▶ [YOUR OBJECTIVE] Where does the word "bool" show up in the records? Copy every line that holds it.

▶ [PROVIDED RECORDS]
########################################
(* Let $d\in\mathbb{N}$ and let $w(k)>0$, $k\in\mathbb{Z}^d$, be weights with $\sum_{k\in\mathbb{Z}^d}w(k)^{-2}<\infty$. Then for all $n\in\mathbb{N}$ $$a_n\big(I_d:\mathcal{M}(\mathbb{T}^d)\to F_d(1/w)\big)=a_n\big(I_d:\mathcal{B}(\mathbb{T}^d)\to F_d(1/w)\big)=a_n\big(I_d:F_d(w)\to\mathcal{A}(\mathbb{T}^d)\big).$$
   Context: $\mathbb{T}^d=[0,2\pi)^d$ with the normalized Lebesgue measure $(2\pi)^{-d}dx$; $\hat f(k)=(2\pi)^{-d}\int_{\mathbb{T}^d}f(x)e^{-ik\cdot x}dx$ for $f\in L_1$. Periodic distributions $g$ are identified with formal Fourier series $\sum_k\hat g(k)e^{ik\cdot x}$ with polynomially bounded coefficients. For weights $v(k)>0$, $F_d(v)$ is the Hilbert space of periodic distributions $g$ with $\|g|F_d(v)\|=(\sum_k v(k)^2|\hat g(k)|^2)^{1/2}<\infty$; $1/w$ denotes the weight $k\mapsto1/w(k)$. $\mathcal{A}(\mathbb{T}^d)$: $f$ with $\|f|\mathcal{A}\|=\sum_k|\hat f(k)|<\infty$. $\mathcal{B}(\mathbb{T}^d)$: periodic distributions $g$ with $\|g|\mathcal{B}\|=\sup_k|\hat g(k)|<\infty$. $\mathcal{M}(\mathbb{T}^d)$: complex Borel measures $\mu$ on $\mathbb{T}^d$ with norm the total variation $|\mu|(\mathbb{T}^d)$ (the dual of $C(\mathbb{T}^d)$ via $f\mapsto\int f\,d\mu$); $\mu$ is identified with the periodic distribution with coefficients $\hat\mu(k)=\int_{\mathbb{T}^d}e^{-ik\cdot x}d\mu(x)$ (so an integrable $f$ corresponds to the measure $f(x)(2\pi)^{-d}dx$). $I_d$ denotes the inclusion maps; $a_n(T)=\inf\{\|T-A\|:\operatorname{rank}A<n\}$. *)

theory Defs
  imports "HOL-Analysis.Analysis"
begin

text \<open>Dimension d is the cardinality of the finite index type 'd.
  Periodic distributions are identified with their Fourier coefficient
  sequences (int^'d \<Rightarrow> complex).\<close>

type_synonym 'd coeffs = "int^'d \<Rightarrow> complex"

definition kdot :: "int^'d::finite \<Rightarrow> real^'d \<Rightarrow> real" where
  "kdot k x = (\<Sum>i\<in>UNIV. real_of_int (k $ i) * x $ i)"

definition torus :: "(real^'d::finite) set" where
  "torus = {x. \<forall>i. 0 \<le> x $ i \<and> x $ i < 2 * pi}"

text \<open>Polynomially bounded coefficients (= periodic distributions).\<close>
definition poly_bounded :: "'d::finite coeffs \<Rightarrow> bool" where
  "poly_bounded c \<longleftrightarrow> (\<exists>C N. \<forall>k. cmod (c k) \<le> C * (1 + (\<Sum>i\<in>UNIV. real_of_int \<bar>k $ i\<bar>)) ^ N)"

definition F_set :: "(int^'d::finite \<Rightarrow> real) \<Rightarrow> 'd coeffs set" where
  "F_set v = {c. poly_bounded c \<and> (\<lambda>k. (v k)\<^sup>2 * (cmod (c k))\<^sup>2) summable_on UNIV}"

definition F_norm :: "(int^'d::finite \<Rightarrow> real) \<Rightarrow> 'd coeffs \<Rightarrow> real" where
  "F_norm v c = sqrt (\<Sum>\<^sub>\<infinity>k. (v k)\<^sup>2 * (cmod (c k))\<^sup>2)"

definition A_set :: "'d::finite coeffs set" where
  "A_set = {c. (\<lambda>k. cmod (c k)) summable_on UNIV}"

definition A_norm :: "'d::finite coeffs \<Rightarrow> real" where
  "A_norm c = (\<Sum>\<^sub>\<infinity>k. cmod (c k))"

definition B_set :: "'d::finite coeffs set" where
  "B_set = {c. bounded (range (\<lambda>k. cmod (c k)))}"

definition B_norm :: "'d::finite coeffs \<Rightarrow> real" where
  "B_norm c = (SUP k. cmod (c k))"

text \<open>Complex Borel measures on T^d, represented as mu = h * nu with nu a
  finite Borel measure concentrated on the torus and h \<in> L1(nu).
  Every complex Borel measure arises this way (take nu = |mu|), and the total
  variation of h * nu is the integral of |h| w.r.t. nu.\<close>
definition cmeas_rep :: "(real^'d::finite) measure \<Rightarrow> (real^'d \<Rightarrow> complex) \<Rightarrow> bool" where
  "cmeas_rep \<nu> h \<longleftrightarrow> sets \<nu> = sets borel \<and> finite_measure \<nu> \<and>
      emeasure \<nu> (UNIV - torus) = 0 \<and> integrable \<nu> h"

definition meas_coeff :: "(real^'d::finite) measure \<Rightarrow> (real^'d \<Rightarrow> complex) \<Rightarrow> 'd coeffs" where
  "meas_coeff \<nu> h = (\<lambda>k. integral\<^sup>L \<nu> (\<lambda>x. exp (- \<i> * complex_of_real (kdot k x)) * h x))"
########################################
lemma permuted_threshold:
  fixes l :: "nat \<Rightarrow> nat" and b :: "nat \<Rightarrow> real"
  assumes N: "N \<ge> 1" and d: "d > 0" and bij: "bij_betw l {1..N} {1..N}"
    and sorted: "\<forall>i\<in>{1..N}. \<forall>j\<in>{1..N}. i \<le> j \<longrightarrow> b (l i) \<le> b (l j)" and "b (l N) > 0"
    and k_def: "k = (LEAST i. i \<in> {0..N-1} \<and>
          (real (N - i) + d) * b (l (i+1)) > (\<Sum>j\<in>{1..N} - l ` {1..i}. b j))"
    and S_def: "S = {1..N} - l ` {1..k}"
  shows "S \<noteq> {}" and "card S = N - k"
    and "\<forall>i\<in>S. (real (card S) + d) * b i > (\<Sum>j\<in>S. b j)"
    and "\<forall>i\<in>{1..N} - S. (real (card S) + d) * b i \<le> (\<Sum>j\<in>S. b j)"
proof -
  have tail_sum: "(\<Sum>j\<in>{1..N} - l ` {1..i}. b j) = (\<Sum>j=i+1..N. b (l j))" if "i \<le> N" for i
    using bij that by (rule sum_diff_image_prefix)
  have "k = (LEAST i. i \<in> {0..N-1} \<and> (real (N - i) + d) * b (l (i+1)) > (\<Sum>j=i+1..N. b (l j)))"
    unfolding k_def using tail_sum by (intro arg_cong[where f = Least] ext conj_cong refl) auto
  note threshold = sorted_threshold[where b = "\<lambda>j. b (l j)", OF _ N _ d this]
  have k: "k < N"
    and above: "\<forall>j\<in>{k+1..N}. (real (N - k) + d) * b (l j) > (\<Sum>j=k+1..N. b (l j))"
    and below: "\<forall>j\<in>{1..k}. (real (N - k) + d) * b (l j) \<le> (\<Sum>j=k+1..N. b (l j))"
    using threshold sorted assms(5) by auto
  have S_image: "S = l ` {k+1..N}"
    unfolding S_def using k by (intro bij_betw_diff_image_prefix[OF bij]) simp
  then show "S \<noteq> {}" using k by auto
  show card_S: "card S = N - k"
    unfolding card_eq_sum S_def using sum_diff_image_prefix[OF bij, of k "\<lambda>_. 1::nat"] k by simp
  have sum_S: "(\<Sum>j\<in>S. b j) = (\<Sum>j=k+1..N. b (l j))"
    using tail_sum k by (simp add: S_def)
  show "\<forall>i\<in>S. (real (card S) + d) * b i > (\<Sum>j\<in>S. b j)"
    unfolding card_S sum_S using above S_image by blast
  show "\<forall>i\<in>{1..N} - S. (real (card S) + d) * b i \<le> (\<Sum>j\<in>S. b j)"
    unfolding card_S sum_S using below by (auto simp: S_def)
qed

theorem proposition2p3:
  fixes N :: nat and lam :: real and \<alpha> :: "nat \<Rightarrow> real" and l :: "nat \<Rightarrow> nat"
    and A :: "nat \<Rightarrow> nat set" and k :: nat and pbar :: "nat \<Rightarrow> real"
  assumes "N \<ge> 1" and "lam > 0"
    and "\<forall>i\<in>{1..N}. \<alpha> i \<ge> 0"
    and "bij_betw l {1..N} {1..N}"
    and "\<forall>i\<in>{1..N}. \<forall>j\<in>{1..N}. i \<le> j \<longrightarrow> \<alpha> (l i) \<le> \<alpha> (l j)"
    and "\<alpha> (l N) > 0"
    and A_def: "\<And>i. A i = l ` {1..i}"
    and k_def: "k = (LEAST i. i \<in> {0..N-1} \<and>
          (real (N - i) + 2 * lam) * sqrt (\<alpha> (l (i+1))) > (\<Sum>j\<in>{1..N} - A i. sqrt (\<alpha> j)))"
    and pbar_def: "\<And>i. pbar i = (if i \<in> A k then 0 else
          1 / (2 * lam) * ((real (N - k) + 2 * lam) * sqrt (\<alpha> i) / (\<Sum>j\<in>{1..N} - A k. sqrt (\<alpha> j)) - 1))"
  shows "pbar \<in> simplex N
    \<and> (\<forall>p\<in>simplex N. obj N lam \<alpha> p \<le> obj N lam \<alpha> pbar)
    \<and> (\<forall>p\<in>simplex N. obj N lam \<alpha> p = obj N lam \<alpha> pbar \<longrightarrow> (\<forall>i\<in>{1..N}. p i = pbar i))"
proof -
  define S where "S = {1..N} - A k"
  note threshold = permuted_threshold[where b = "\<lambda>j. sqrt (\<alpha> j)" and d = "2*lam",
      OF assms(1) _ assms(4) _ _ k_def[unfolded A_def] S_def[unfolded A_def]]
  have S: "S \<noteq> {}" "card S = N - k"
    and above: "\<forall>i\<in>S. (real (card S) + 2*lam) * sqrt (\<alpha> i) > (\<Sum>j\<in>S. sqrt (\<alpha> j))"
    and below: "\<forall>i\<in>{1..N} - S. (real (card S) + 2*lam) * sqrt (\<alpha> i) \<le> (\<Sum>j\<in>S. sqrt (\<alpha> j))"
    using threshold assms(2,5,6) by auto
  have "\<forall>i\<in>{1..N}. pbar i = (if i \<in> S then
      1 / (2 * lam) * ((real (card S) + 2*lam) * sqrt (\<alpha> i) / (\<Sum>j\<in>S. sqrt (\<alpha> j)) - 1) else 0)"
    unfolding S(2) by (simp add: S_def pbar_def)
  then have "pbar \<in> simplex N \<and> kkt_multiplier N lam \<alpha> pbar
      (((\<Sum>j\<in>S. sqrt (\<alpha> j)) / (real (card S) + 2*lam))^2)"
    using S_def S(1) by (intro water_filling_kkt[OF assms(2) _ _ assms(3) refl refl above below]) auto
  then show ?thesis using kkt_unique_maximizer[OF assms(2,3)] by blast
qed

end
########################################
▶ [SOLUTION BELOW]
definition poly_bounded :: "'d::finite coeffs \<Rightarrow> bool" where
definition cmeas_rep :: "(real^'d::finite) measure \<Rightarrow> (real^'d \<Rightarrow> complex) \<Rightarrow> bool" where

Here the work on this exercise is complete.